_The task_: Print nothing but the lines below starting at the line that holds "ultimately show ?thesis" and ending at the line that holds "unfolding hom_val_i_def range", including both, each exactly as written.

_Listed entries_:
● ● ● ●
lemma hom_dp1_i_even:
  assumes n: "n = 2*k" and k: "k \<ge> 2" and real_val: "Im (hom_val_i n B) = 0"
  shows "hom_dp1_i n B = complex_of_real (formP n B) - \<i> * complex_of_real (formQ n B)"
proof -
  have "{..n} = insert (2*k) {..<2*k}" using n by auto
  then have dp1: "hom_dp1_i n B = (\<Sum>m<2*k. complex_of_real (real (n - m) * B m) * \<i>^m)"
    and val: "hom_val_i n B = (\<Sum>m<2*k. complex_of_real (B m) * \<i>^m) + complex_of_real (B (2*k)) * \<i>^(2*k)"
    by (simp_all add: hom_dp1_i_def hom_val_i_def n)
  have odd_part: "(\<Sum>j<k. (-1)^j * B (2*j+1)) = 0"
    using real_val by (simp add: val sum_i_power_even_odd i_power_even)
  have "(\<Sum>j<k. (-1)^j * real (n - (2*j+1)) * B (2*j+1))
      = (\<Sum>j<k. (-1)^j * (real n - 2 - 2 * real j) * B (2*j+1)) + (\<Sum>j<k. (-1)^j * B (2*j+1))"
    unfolding sum.distrib[symmetric] by (rule sum.cong) (auto simp: n algebra_simps)
  also have "(\<Sum>j<k. (-1)^j * (real n - 2 - 2 * real j) * B (2*j+1))
      = (\<Sum>j=0..k-2. (-1)^j * (real n - 2 - 2 * real j) * B (2*j+1))"
  proof -
    have "k = Suc (k - 1)" and "{..<k - 1} = {0..k - 2}" using k by auto
    then show ?thesis
      using sum_lessThan_Suc_last_0[of "\<lambda>j. (-1)^j * (real n - 2 - 2 * real j) * B (2*j+1)" "k - 1"]
      using k by (simp add: n)
  qed
  finally have "(\<Sum>j<k. (-1)^j * (real (n - (2*j+1)) * B (2*j+1))) = - formQ n B"
    using odd_part by (simp add: formQ_def n mult.assoc)
  moreover have "(\<Sum>j<k. (-1)^j * (real (n - 2*j) * B (2*j))) = formP n B"
  proof -
    have "{0..k - 1} = {..<k}" using k by auto
    then show ?thesis by (simp add: formP_def n mult.assoc)
  qed
  ultimately show ?thesis
    unfolding dp1 sum_i_power_even_odd by simp
qed

lemma hom_dp1_i_odd:
  assumes n: "n = 2*k+1" and k: "k \<ge> 1" and imag_val: "Re (hom_val_i n B) = 0"
  shows "hom_dp1_i n B = \<i> * (complex_of_real (formP n B) - \<i> * complex_of_real (formQ n B))"
proof -
  have range: "{..n} = {..<2 * Suc k}" and "{0..k - 1} = {..<k}" using n k by auto
  have dp1: "hom_dp1_i n B = (\<Sum>m<2 * Suc k. complex_of_real (real (n - m) * B m) * \<i>^m)"
    by (simp add: hom_dp1_i_def range)
  have "hom_val_i n B = complex_of_real (\<Sum>j<Suc k. (-1)^j * B (2*j))
      + \<i> * complex_of_real (\<Sum>j<Suc k. (-1)^j * B (2*j+1))"
    unfolding hom_val_i_def range by (rule sum_i_power_even_odd)
  then have even_part: "(\<Sum>j<Suc k. (-1)^j * B (2*j)) = 0"
    using imag_val by (simp del: sum.lessThan_Suc)
  have "(\<Sum>j<Suc k. (-1)^j * (real (n - 2*j) * B (2*j)))
      = (\<Sum>j<Suc k. (-1)^j * (real n - 1 - 2 * real j) * B (2*j)) + (\<Sum>j<Suc k. (-1)^j * B (2*j))"
    unfolding sum.distrib[symmetric] by (rule sum.cong) (auto simp: n algebra_simps)
  also have "(\<Sum>j<Suc k. (-1)^j * (real n - 1 - 2 * real j) * B (2*j)) = formQ n B"
    using \<open>{0..k - 1} = {..<k}\<close> by (simp add: formQ_def n)
  finally have re: "(\<Sum>j<Suc k. (-1)^j * (real (n - 2*j) * B (2*j))) = formQ n B"
    using even_part by simp
  have "(\<Sum>j<Suc k. (-1)^j * (real (n - (2*j+1)) * B (2*j+1)))
      = (\<Sum>j<k. (-1)^j * (real n - 1 - 2 * real j) * B (2*j+1))"
    by (rule trans[OF sum_lessThan_Suc_last_0]) (auto simp: n intro!: sum.cong)
  then have im: "(\<Sum>j<Suc k. (-1)^j * (real (n - (2*j+1)) * B (2*j+1))) = formP n B"
    using \<open>{0..k - 1} = {..<k}\<close> by (simp add: formP_def n)
  show ?thesis
    unfolding dp1 sum_i_power_even_odd re im by (simp add: algebra_simps)
qed

lemma i_power_parity: "\<i> ^ n = \<i> ^ (n mod 2) * (-1) ^ (n div 2)"
  by (metis i_power_even mult.commute power_add div_mult_mod_eq)

lemma hom_dp1_i_eq_forms:
  assumes "n \<ge> 3" and "hom_val_i n B = \<i> ^ n * complex_of_real c"
  shows "hom_dp1_i n B = \<i> ^ (n mod 2) * (complex_of_real (formP n B) - \<i> * complex_of_real (formQ n B))"
proof (cases "even n")
  case True
  then obtain k where "n = 2*k" by blast
  with assms show ?thesis
    by (simp add: hom_dp1_i_even i_power_even)
next
  case False
  then obtain k where "n = 2*k+1" using oddE by blast
  with assms show ?thesis
    by (simp add: hom_dp1_i_odd power_add i_power_even)
qed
● ● ● ●
_Output_:
  ultimately show ?thesis
    unfolding dp1 sum_i_power_even_odd by simp
qed

lemma hom_dp1_i_odd:
  assumes n: "n = 2*k+1" and k: "k \<ge> 1" and imag_val: "Re (hom_val_i n B) = 0"
  shows "hom_dp1_i n B = \<i> * (complex_of_real (formP n B) - \<i> * complex_of_real (formQ n B))"
proof -
  have range: "{..n} = {..<2 * Suc k}" and "{0..k - 1} = {..<k}" using n k by auto
  have dp1: "hom_dp1_i n B = (\<Sum>m<2 * Suc k. complex_of_real (real (n - m) * B m) * \<i>^m)"
    by (simp add: hom_dp1_i_def range)
  have "hom_val_i n B = complex_of_real (\<Sum>j<Suc k. (-1)^j * B (2*j))
      + \<i> * complex_of_real (\<Sum>j<Suc k. (-1)^j * B (2*j+1))"
    unfolding hom_val_i_def range by (rule sum_i_power_even_odd)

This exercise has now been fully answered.